Prosecutors probed allegations that Zuma took R4.07 million in bribes from arms dealers and brought 783 charges of fraud, corruption and racketeering against him. They scrapped the case a month before he became president in May 2009, saying taped phone calls indicated the chief investigator’s actions may have been politically motivated. The court in the central city of Bloemfontein started hearing arguments on Thursday from the prosecutor’s office as to why the judges should consider hearing the appeal. Zuma’s legal team are also expected to address the court.
“There’s still this cloud over his head and the reinstatement of these charges would cause even more problems for him,” Zakhele Ndlovu, a political science lecturer at the University of KwaZulu-Natal, said by phone. It could also reduce the chances that he will be succeeded as head of the ruling African National Congress by Nkosazana Dlamini-Zuma, his preferred candidate, as “she may be perceived as guilty by association,” he said.
The biggest opposition party, the Democratic Alliance, challenged the 2009 decision to scrap the case and the High Court in Pretoria ruled last year that the National Prosecuting Authority acted irrationally, a finding that opened the way for the charges to be reinstated. The president then directly approached the Supreme Court to review the case. The court isn’t obligated to hear the appeal but if it does, argument may proceed immediately.
Zuma could still take the case to the Constitutional Court should the Supreme Court refuse to hear his appeal.
The revival of the charges will add to pressure on Zuma, 75, who’s faced calls to quit following a succession of scandals, including a finding by the Constitutional Court that he violated his oath of office by refusing to repay taxpayer funds spent on his private home.

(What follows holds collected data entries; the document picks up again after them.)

lemma is_tree_length_one:
  assumes "is_tree T" "v \<in> T" "length v = 1"
  shows "v = [0]"
proof -
  obtain a where v: "v = [a]"
    using assms(3) by (cases v) auto
  have "[1] \<notin> T"
    using assms(1) by (simp add: is_tree_def)
  moreover have "[j] \<in> T" if "j < a" for j
    using is_tree_sibling[OF assms(1), of "[]" a j] assms(2) v that by simp
  ultimately have "\<not> 1 < a" "a \<noteq> 1"
    using assms(2) v by auto
  then have "a = 0" by simp
  with v show ?thesis by simp
qed

lemma is_tree_short_vertices:
  assumes "is_tree T"
  shows "{v \<in> T. length v < 2} = {[], [0]}"
proof
  show "{v \<in> T. length v < 2} \<subseteq> {[], [0]}"
  proof
    fix v assume v: "v \<in> {v \<in> T. length v < 2}"
    then have "v = [] \<or> length v = 1"
      by (cases v) auto
    then show "v \<in> {[], [0]}"
      using is_tree_length_one[OF assms] v by auto
  qed
  show "{[], [0]} \<subseteq> {v \<in> T. length v < 2}"
    using is_tree_Nil[OF assms] is_tree_zero[OF assms] by auto
qed

lemma Bt_Bt: "h \<le> h' \<Longrightarrow> Bt h (Bt h' T) = Bt h T"
  by (auto simp: Bt_def)

lemma Bt_Suc_subset:
  assumes "is_tree T"
  shows "Bt (Suc n) T \<subseteq> Bt n T \<union> (\<Union>v\<in>Bt n T. (\<lambda>j. v @ [j]) ` {j. v @ [j] \<in> T})"
proof
  fix w assume w: "w \<in> Bt (Suc n) T"
  show "w \<in> Bt n T \<union> (\<Union>v\<in>Bt n T. (\<lambda>j. v @ [j]) ` {j. v @ [j] \<in> T})"
  proof (cases "length w \<le> n")
    case False
    then have "w \<noteq> []" by auto
    then have "w = butlast w @ [last w]" by simp
    with w False is_tree_butlast[OF assms, of w] show ?thesis
      by (auto simp: Bt_def intro!: bexI[of _ "butlast w"] rev_image_eqI[of "last w"])
  qed (use w in \<open>auto simp: Bt_def\<close>)
qed

lemma finite_Bt:
  assumes "is_tree T"
  shows "finite (Bt n T)"
proof (induction n)
  case 0
  have "Bt 0 T \<subseteq> {[]}" by (auto simp: Bt_def)
  then show ?case by (rule finite_subset) simp
next
  case (Suc n)
  then have "finite (\<Union>v\<in>Bt n T. (\<lambda>j. v @ [j]) ` {j. v @ [j] \<in> T})"
    using is_tree_finite_children[OF assms] by simp
  then show ?case
    using Bt_Suc_subset[OF assms] Suc.IH by (meson finite_UnI finite_subset)
qed

lemma is_tree_Bt:
  assumes "is_tree T" "1 \<le> n"
  shows "is_tree (Bt n T)"
  using assms is_tree_finite_children[OF assms(1)] unfolding is_tree_def Bt_def
  by (auto intro: finite_subset)

lemma length_le_height: "finite T \<Longrightarrow> v \<in> T \<Longrightarrow> length v \<le> height T"
  by (simp add: height_def)

lemma height_attained: "finite T \<Longrightarrow> T \<noteq> {} \<Longrightarrow> \<exists>v\<in>T. length v = height T"
  unfolding height_def by (metis Max_in finite_imageI image_iff image_is_empty)

lemma height_ge_one: "is_tree T \<Longrightarrow> finite T \<Longrightarrow> 1 \<le> height T"
  using length_le_height[of T "[0]"] is_tree_zero by fastforce

lemma Bt_eq_self_iff: "Bt h T = T \<longleftrightarrow> (\<forall>w\<in>T. length w \<le> h)"
  by (auto simp: Bt_def)

lemma Bt_height: "finite T \<Longrightarrow> height T \<le> n \<Longrightarrow> Bt n T = T"
  using length_le_height by (fastforce simp: Bt_def)

section \<open>The balls generate the Borel \<sigma>-algebra\<close>

definition exact_balls :: "nat list set set set" where
  "exact_balls = insert {} {ball_tree (height T0) T0 | T0. T0 \<in> fin_trees}"

lemma exact_balls_Pow: "exact_balls \<subseteq> Pow trees"
  by (auto simp: exact_balls_def ball_tree_def)

lemma ball_tree_Int:
  assumes "h \<le> h'"
  shows "ball_tree h T0 \<inter> ball_tree h' T1 = (if Bt h T1 = T0 then ball_tree h' T1 else {})"
proof -
  have "Bt h T = Bt h T1" if "Bt h' T = T1" for T
    using Bt_Bt[OF assms, of T] that by simp
  then show ?thesis
    unfolding ball_tree_def by auto
qed

lemma Int_stable_exact_balls: "Int_stable exact_balls"
proof (rule Int_stableI)
  have le: "ball_tree (height T0) T0 \<inter> ball_tree (height T1) T1 \<in> exact_balls"
    if "T1 \<in> fin_trees" "height T0 \<le> height T1" for T0 T1
    using ball_tree_Int[OF that(2), of T0 T1] that(1) by (auto simp: exact_balls_def)
  have "ball_tree (height T0) T0 \<inter> ball_tree (height T1) T1 \<in> exact_balls"
    if "T0 \<in> fin_trees" "T1 \<in> fin_trees" for T0 T1
    using le[OF that(2), of T0] le[OF that(1), of T1] by (metis Int_commute nat_le_linear)
  then show "a \<inter> b \<in> exact_balls" if "a \<in> exact_balls" "b \<in> exact_balls" for a b
    using that unfolding exact_balls_def by blast
qed

lemma trees_in_exact_balls: "trees \<in> exact_balls"
proof -
  let ?T0 = "{[], [0]} :: nat list set"
  have "?T0 \<in> fin_trees" "height ?T0 = 1"
    by (auto simp: fin_trees_def is_tree_def height_def take_Cons' less_Suc_eq_0_disj)
  moreover have "Bt 1 T = {v \<in> T. length v < 2}" for T :: "nat list set"
    by (auto simp: Bt_def)
  then have "ball_tree 1 ?T0 = trees"
    using is_tree_short_vertices by (auto simp: ball_tree_def trees_def)
  ultimately show ?thesis
    unfolding exact_balls_def by (metis (mono_tags, lifting) insertCI mem_Collect_eq)
qed

lemma ball_tree_above_height:
  assumes "T0 \<in> fin_trees" "height T0 < r"
  shows "ball_tree r T0 = {T0}"
proof
  have T0: "is_tree T0" "finite T0"
    using assms(1) by (auto simp: fin_trees_def)
  then show "{T0} \<subseteq> ball_tree r T0"
    using Bt_height[OF T0(2)] assms(2) by (simp add: ball_tree_def trees_def)
  have "T = T0" if "is_tree T" "Bt r T = T0" for T
  proof -
    have short: "length w \<le> height T0" if "w \<in> T" for w
    proof (rule ccontr)
      assume long: "\<not> length w \<le> height T0"
      then have "take (Suc (height T0)) w \<in> Bt r T"
        using is_tree_take[OF \<open>is_tree T\<close> \<open>w \<in> T\<close>] assms(2) by (auto simp: Bt_def)
      then show False
        using length_le_height[OF T0(2)] \<open>Bt r T = T0\<close> long by fastforce
    qed
    have "\<forall>w\<in>T. length w \<le> r"
      using short assms(2) by force
    then have "Bt r T = T"
      by (simp add: Bt_eq_self_iff)
    with \<open>Bt r T = T0\<close> show ?thesis by simp
  qed
  then show "ball_tree r T0 \<subseteq> {T0}"
    by (auto simp: ball_tree_def trees_def)
qed

text \<open>A tree whose ball of radius \<open>height T0\<close> is \<open>T0\<close> either is \<open>T0\<close> or has a vertex one level
  deeper, and then its ball of radius \<open>height T0 + 1\<close> is a finite tree of that height.\<close>

lemma singleton_eq_exact_ball_Diff:
  assumes "T0 \<in> fin_trees"
  shows "{T0} = ball_tree (height T0) T0 -
    (\<Union>T1\<in>{T1 \<in> fin_trees. height T1 = Suc (height T0)}. ball_tree (height T1) T1)"
    (is "_ = ?B - ?U")
proof -
  let ?h = "height T0"
  have T0: "is_tree T0" "finite T0"
    using assms by (auto simp: fin_trees_def)
  have "T0 \<in> ?B"
    using Bt_height[OF T0(2)] T0 by (auto simp: ball_tree_def trees_def)
  moreover have "T0 \<notin> ball_tree (height T1) T1" if "T1 \<in> fin_trees" "height T1 = Suc ?h" for T1
  proof
    assume "T0 \<in> ball_tree (height T1) T1"
    moreover have "finite T1" "T1 \<noteq> {}"
      using that(1) is_tree_Nil by (auto simp: fin_trees_def)
    then obtain v where "v \<in> T1" "length v = height T1"
      using height_attained by blast
    ultimately show False
      using length_le_height[OF T0(2), of v] that(2) by (auto simp: ball_tree_def Bt_def)
  qed
  moreover have "T = T0" if "T \<in> ?B" "T \<notin> ?U" for T
  proof (rule ccontr)
    assume "T \<noteq> T0"
    have T: "is_tree T" "Bt ?h T = T0"
      using that(1) by (auto simp: ball_tree_def trees_def)
    then obtain w where w: "w \<in> T" "?h < length w"
      using \<open>T \<noteq> T0\<close> Bt_eq_self_iff[of ?h T] by (auto simp: not_le)
    let ?T1 = "Bt (Suc ?h) T"
    have T1: "is_tree ?T1" "finite ?T1"
      using is_tree_Bt[OF T(1)] finite_Bt[OF T(1)] by auto
    have "take (Suc ?h) w \<in> ?T1"
      using is_tree_take[OF T(1) w(1)] w(2) by (auto simp: Bt_def)
    then have "Suc ?h \<le> height ?T1"
      using length_le_height[OF T1(2)] w(2) by fastforce
    moreover have "height ?T1 \<le> Suc ?h"
      using height_attained[OF T1(2)] is_tree_Nil[OF T1(1)] by (force simp: Bt_def)
    ultimately have "height ?T1 = Suc ?h" by simp
    then have "T \<in> ?U"
      using T1 that(1) by (auto simp: fin_trees_def ball_tree_def)
    with that(2) show False by contradiction
  qed
  ultimately show ?thesis by blast
qed

lemma sets_tree_space: "sets tree_space = sigma_sets trees exact_balls"
proof -
  interpret S: sigma_algebra trees "sigma_sets trees exact_balls"
    by (rule sigma_algebra_sigma_sets[OF exact_balls_Pow])
  have exact: "ball_tree (height T0) T0 \<in> sigma_sets trees exact_balls" if "T0 \<in> fin_trees" for T0
    using that by (auto simp: exact_balls_def)
  have "ball_tree r T0 \<in> sigma_sets trees exact_balls" if T0: "T0 \<in> fin_trees" for r T0
  proof (cases r "height T0" rule: linorder_cases)
    case less
    then have "ball_tree r T0 = {}"
      using T0 height_attained[of T0] is_tree_Nil
      by (fastforce simp: fin_trees_def ball_tree_def Bt_def)
    then show ?thesis by (simp add: sigma_sets.Empty)
  next
    case greater
    have "countable {T1 \<in> fin_trees. height T1 = Suc (height T0)}"
      by (rule countable_subset[OF _ countable_Collect_finite]) (auto simp: fin_trees_def)
    then show ?thesis
      using exact T0 ball_tree_above_height[OF T0 greater] singleton_eq_exact_ball_Diff[OF T0]
      by (metis (no_types, lifting) S.Diff S.countable_UN'' mem_Collect_eq)
  qed (use exact T0 in simp)
  then have "sigma_sets trees {ball_tree r T0 | r T0. T0 \<in> fin_trees} = sigma_sets trees exact_balls"
    by (intro sigma_sets_eqI; auto simp: exact_balls_def sigma_sets.Empty)
  then show ?thesis
    unfolding tree_space_def by (subst sets_measure_of) (auto simp: ball_tree_def)
qed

He’s also survived two bids to oust him from within the leadership of the ANC since November and last month saw off an opposition motion of no confidence that was backed by at least two dozen ANC lawmakers.
Zuma is due to step down as ANC leader in December and as president in 2019. If it’s announced that he will stand trial, a campaign to install Dlamini-Zuma, his ex-wife and the former chairwoman of the African Union commission, could be undermined, according to Ndlovu.